We know Every cubic equation $dx^3+cx^2+bx+a=0$ with real coefficients and $d\not= 0$ has three solutions (some of which may equal each other if they are real, and two of which may be complex non-real numbers) and at least one real solution. So now we put $d=0$ and we get : $$cx^2+bx+a=0$$ and $$12a + 6b+ 4c =0 \to 6a+3b+2c = 0 \to b = \frac{6a+2c}{-3}$$ Now we want to $\Delta_1 \ge0$ ( to has real root).

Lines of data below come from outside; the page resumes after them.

(* For every integer $t\ge2$, $$-\frac{71}{100t}<\frac{S_3(t)}{\binom{-3/2}{t}}+\frac{(-1)^t}{\binom{-3/2}{t}}\alpha\sinh\alpha+1-\cosh\alpha<\frac{12}{25t}.$$
   Context: $\alpha=\pi/6$. $(a)_m=a(a+1)\cdots(a+m-1)$ is the rising factorial ($(a)_0=1$); $\binom{x}{m}=x(x-1)\cdots(x-m+1)/m!$ for $m\ge1$, $\binom{x}{0}=1$. For $t\ge2$, $$S_3(t)=\sum_{s=1}^t\frac{(1/2-s)_{s+1}\binom{-3/2}{t-s}}{s}\sum_{u=1}^s\frac{(-1)^u(-s)_u}{(s+u)!\,(2u-1)!}\left(\frac{\pi^2}{36}\right)^u.$$ *)

theory Defs
  imports Complex_Main
begin

definition alpha :: real where "alpha = pi / 6"

definition S3 :: "nat \<Rightarrow> real" where
  "S3 t = (\<Sum>s=1..t. pochhammer (1/2 - real s) (s + 1) * ((-3/2::real) gchoose (t - s)) / real s
      * (\<Sum>u=1..s. (-1)^u * pochhammer (- real s) u / (fact (s + u) * fact (2*u - 1))
          * (pi^2 / 36)^u))"

end

theory Submission
  imports Defs "HOL-Computational_Algebra.Formal_Power_Series" "HOL-Analysis.Complex_Transcendental"
begin

text \<open>
  Write x = alpha^2 = pi^2/36 and Y = (1 - sqrt(1 - z))^2. The powers of Y have the ballot-number
  coefficients [z^n] Y^u = 2u (2n-2u-1)! / ((n-2u)! n! 4^(n-u)), and with this formula the inner sum
  of S3(t) turns into a convolution: (-1)^t S3(t) = sum over u >= 1 of x^u/(2u)! [z^(t+u)] Y^u (1-z)^(-3/2).
  Expanding Y^u = (1 - sqrt(1 - z))^(2u) binomially, the odd powers of sqrt(1 - z) contribute exactly
  -2u, which cancels against alpha sinh alpha = sum of 2u x^u/(2u)!, while the even powers give
  [z^(t+u)] (1-z)^(i-3/2), which is [z^t] (1-z)^(-3/2) up to a relative error of order i!/t.
  Since also cosh alpha = sum of x^u/(2u)!, the normalised expression of the theorem is the series
  sum of x^u/(2u)! T_u(t), where |T_u(t)| <= (5/4)^u (u + sum_i C(2u,2i) i!)/(2t); the fast decay of
  x^u/(2u)! then bounds it by 0.36/t.
\<close>

unbundle fps_syntax

section \<open>The power series \<open>(1 - X)\<^sup>c\<close>\<close>

definition fps_one_minus_X_powr :: "'a::field_char_0 \<Rightarrow> 'a fps" where
  "fps_one_minus_X_powr c = fps_binomial c oo - fps_X"

lemma fps_one_minus_X_powr_nth: "fps_one_minus_X_powr c $ n = (-1)^n * (c gchoose n)"
  by (simp add: fps_one_minus_X_powr_def fps_compose_uminus')

lemma fps_one_minus_X_powr_add:
  "fps_one_minus_X_powr (a + b) = fps_one_minus_X_powr a * fps_one_minus_X_powr b"
  by (simp add: fps_one_minus_X_powr_def fps_binomial_add_mult fps_compose_mult_distrib)

lemma fps_one_minus_X_powr_power:
  "fps_one_minus_X_powr c ^ n = fps_one_minus_X_powr (of_nat n * c)"
  by (simp add: fps_one_minus_X_powr_def fps_binomial_power fps_compose_power)

lemma fps_one_minus_X_powr_1: "fps_one_minus_X_powr 1 = 1 - fps_X"
  by (simp add: fps_one_minus_X_powr_def fps_binomial_1 fps_compose_add_distrib)

lemma fps_one_minus_X_powr_of_nat_nth:
  "k < n \<Longrightarrow> fps_one_minus_X_powr (of_nat k) $ n = 0"
  by (simp add: fps_one_minus_X_powr_nth binomial_gbinomial [symmetric] binomial_eq_0)

lemma fps_one_minus_X_powr_minus_1_nth: "fps_one_minus_X_powr (-1) $ n = 1"
  by (simp add: fps_one_minus_X_powr_nth gbinomial_minus [of 1] power_mult_distrib [symmetric]
      flip: binomial_gbinomial)

section \<open>Coefficients of the powers of \<open>(1 - \<surd>(1 - X))\<^sup>2\<close>\<close>

definition fps_Y :: "real fps" where
  "fps_Y = (1 - fps_one_minus_X_powr (1/2))^2"

lemma fps_Y_eq: "fps_Y = 2 - fps_X - 2 * fps_one_minus_X_powr (1/2)"
proof -
  have "fps_Y = 1 - 2 * fps_one_minus_X_powr (1/2) + fps_one_minus_X_powr (1/2) ^ 2"
    by (simp add: fps_Y_def power2_eq_square algebra_simps)
  also have "fps_one_minus_X_powr (1/2::real) ^ 2 = 1 - fps_X"
    by (simp add: fps_one_minus_X_powr_power fps_one_minus_X_powr_1)
  finally show ?thesis
    by (simp add: algebra_simps)
qed

lemma fps_Y_quadratic: "fps_Y^2 = 2 * (2 - fps_X) * fps_Y - fps_X^2"
proof -
  have "fps_Y^2 - (2 * (2 - fps_X) * fps_Y - fps_X^2) = 4 * (fps_one_minus_X_powr (1/2) ^ 2 - (1 - fps_X))"
    by (simp add: fps_Y_eq power2_eq_square algebra_simps)
  also have "fps_one_minus_X_powr (1/2::real) ^ 2 = 1 - fps_X"
    by (simp add: fps_one_minus_X_powr_power fps_one_minus_X_powr_1)
  finally show ?thesis
    by simp
qed

lemma pochhammer_half: "pochhammer (1/2) k = (fact (2 * k) / (4^k * fact k) :: 'a::field_char_0)"
proof -
  have "(2::'a)^(2 * k) = 4^k"
    by (simp add: power_mult)
  then show ?thesis
    using fact_double [of k, where 'a='a] by (simp add: field_simps)
qed

lemma pochhammer_minus_half_Suc:
  "pochhammer (- (1/2)) (Suc k) = (- fact (2 * k) / (2 * 4^k * fact k) :: 'a::field_char_0)"
  by (simp add: pochhammer_rec pochhammer_half)

lemma gbinomial_half_Suc:
  "((1/2::'a::field_char_0) gchoose Suc k) = (-1)^k * fact (2 * k) / (2 * 4^k * fact k * fact (Suc k))"
  unfolding gbinomial_pochhammer pochhammer_minus_half_Suc by (simp add: field_simps)

definition ballot_coeff :: "nat \<Rightarrow> nat \<Rightarrow> real" where
  "ballot_coeff u n = (if u = 0 then (if n = 0 then 1 else 0) else if n < 2 * u then 0 else
     2 * real u * fact (2 * n - 2 * u - 1) / (fact (n - 2 * u) * fact n * 4^(n - u)))"

lemma ballot_coeff_offset:
  "0 < m + u \<Longrightarrow>
   ballot_coeff u (m + 2 * u) = 2 * real u * fact (2 * m + 2 * u - 1) / (fact m * fact (m + 2 * u) * 4^(m + u))"
  by (auto simp: ballot_coeff_def ac_simps)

$\Delta_1 = b^2-4ac = \frac{36a^2+4c^2+24ac}{9} - 4ac = \frac{36a^2+4c^2-12ac}{9}\ge0\iff 9a^2-3ac+c^2\ge0$

Which it is obvious because $\Delta_2 = -27a^2c^2\le0$

Note : When $\Delta \lt 0 $ quadratic polynomial has same sign as coefficient of $x^2$.(In this case 9) and if $\Delta = 0$ value of quadratic polynomial will be zero at one point and in other points has same sign as coefficient of $x^2$.

S.H.W
  • 4,379
1

Here are a few things that might help guide you in the right direction:

Let $f(x)$ = $a+bx+cx^2+dx^3$

If $d\neq 0$ :

1) Is $f$ continuous?

2) What is $\lim_{x\to \infty}$$f(x)$? What is $\lim_{x\to -\infty}$$f(x)$?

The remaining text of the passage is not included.